Records for this task
++++

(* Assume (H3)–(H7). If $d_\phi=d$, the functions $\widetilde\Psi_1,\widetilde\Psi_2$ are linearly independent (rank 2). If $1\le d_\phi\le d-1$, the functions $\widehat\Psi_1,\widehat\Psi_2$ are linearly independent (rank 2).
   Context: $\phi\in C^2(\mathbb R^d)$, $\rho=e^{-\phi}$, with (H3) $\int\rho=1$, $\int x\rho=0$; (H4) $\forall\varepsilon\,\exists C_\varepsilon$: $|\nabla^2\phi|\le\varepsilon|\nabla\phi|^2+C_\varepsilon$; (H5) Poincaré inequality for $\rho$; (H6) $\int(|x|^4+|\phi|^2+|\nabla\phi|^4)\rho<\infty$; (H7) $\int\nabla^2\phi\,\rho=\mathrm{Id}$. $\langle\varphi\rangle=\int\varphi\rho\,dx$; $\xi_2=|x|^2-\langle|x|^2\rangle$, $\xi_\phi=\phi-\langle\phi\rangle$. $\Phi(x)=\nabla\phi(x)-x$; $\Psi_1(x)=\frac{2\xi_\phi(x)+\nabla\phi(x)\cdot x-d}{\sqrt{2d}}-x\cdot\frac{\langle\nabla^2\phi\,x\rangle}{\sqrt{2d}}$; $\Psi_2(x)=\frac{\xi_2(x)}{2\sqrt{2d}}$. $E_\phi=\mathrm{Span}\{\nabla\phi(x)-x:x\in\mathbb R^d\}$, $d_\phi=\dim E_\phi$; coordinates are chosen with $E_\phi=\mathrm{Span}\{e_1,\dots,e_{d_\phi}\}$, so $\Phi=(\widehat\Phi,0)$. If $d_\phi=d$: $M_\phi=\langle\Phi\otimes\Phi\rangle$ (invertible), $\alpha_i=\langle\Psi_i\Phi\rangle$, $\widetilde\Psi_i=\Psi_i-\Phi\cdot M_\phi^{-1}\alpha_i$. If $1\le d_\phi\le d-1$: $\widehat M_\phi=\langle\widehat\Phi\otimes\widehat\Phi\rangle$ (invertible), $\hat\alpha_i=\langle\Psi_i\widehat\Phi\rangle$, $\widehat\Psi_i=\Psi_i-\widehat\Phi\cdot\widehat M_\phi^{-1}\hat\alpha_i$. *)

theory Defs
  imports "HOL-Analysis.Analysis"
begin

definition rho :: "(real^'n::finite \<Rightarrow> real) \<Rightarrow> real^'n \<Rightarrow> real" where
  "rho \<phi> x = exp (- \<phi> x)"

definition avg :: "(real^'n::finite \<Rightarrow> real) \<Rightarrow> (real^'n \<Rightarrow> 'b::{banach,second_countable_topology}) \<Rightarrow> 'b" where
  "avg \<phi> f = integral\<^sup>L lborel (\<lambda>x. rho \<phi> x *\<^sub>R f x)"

++++

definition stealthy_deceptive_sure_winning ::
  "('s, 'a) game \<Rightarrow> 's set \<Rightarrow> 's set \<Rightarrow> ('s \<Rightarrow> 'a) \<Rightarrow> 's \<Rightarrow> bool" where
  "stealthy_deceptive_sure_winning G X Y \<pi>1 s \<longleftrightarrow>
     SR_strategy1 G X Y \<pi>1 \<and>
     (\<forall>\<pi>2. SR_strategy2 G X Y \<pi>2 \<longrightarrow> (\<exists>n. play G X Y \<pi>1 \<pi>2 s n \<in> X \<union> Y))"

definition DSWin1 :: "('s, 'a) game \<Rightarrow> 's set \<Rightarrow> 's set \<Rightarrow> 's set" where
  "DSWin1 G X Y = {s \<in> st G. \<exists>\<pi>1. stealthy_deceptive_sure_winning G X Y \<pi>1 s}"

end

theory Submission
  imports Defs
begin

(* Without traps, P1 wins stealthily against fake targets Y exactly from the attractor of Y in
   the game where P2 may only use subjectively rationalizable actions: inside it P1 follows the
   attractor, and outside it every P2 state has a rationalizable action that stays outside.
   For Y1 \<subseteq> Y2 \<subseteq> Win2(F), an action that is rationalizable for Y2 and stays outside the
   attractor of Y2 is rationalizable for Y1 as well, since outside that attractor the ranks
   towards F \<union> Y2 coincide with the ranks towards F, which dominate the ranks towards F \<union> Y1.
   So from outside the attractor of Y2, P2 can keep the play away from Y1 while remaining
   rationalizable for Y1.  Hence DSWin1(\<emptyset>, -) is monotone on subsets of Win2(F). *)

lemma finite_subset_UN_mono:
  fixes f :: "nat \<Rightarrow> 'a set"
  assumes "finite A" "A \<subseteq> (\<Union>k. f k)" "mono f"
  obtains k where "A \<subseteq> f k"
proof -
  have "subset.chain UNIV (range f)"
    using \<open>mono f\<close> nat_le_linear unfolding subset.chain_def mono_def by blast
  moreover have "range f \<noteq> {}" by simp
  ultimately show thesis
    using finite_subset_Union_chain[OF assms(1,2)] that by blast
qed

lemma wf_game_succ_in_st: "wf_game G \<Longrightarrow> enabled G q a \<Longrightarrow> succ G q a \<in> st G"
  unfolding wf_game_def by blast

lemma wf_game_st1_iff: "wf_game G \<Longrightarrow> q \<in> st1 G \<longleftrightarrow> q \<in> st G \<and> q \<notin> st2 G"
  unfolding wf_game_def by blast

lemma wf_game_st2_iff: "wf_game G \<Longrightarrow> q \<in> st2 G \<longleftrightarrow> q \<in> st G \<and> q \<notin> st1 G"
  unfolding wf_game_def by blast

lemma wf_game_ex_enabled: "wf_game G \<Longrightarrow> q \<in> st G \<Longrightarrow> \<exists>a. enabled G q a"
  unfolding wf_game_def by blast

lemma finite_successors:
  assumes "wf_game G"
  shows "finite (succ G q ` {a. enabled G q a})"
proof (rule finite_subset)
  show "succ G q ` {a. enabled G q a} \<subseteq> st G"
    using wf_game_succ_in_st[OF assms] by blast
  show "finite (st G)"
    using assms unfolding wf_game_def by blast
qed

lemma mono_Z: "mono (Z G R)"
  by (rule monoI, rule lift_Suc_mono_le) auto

++++

Assignment
All lines above from the one containing "(* Assume (H3)–(H7)." to the one containing "f = integral\<^sup>L" must be repeated exactly, both lines included, and no others.

Exercise output
(* Assume (H3)–(H7). If $d_\phi=d$, the functions $\widetilde\Psi_1,\widetilde\Psi_2$ are linearly independent (rank 2). If $1\le d_\phi\le d-1$, the functions $\widehat\Psi_1,\widehat\Psi_2$ are linearly independent (rank 2).
   Context: $\phi\in C^2(\mathbb R^d)$, $\rho=e^{-\phi}$, with (H3) $\int\rho=1$, $\int x\rho=0$; (H4) $\forall\varepsilon\,\exists C_\varepsilon$: $|\nabla^2\phi|\le\varepsilon|\nabla\phi|^2+C_\varepsilon$; (H5) Poincaré inequality for $\rho$; (H6) $\int(|x|^4+|\phi|^2+|\nabla\phi|^4)\rho<\infty$; (H7) $\int\nabla^2\phi\,\rho=\mathrm{Id}$. $\langle\varphi\rangle=\int\varphi\rho\,dx$; $\xi_2=|x|^2-\langle|x|^2\rangle$, $\xi_\phi=\phi-\langle\phi\rangle$. $\Phi(x)=\nabla\phi(x)-x$; $\Psi_1(x)=\frac{2\xi_\phi(x)+\nabla\phi(x)\cdot x-d}{\sqrt{2d}}-x\cdot\frac{\langle\nabla^2\phi\,x\rangle}{\sqrt{2d}}$; $\Psi_2(x)=\frac{\xi_2(x)}{2\sqrt{2d}}$. $E_\phi=\mathrm{Span}\{\nabla\phi(x)-x:x\in\mathbb R^d\}$, $d_\phi=\dim E_\phi$; coordinates are chosen with $E_\phi=\mathrm{Span}\{e_1,\dots,e_{d_\phi}\}$, so $\Phi=(\widehat\Phi,0)$. If $d_\phi=d$: $M_\phi=\langle\Phi\otimes\Phi\rangle$ (invertible), $\alpha_i=\langle\Psi_i\Phi\rangle$, $\widetilde\Psi_i=\Psi_i-\Phi\cdot M_\phi^{-1}\alpha_i$. If $1\le d_\phi\le d-1$: $\widehat M_\phi=\langle\widehat\Phi\otimes\widehat\Phi\rangle$ (invertible), $\hat\alpha_i=\langle\Psi_i\widehat\Phi\rangle$, $\widehat\Psi_i=\Psi_i-\widehat\Phi\cdot\widehat M_\phi^{-1}\hat\alpha_i$. *)

theory Defs
  imports "HOL-Analysis.Analysis"
begin

definition rho :: "(real^'n::finite \<Rightarrow> real) \<Rightarrow> real^'n \<Rightarrow> real" where
  "rho \<phi> x = exp (- \<phi> x)"

definition avg :: "(real^'n::finite \<Rightarrow> real) \<Rightarrow> (real^'n \<Rightarrow> 'b::{banach,second_countable_topology}) \<Rightarrow> 'b" where
  "avg \<phi> f = integral\<^sup>L lborel (\<lambda>x. rho \<phi> x *\<^sub>R f x)"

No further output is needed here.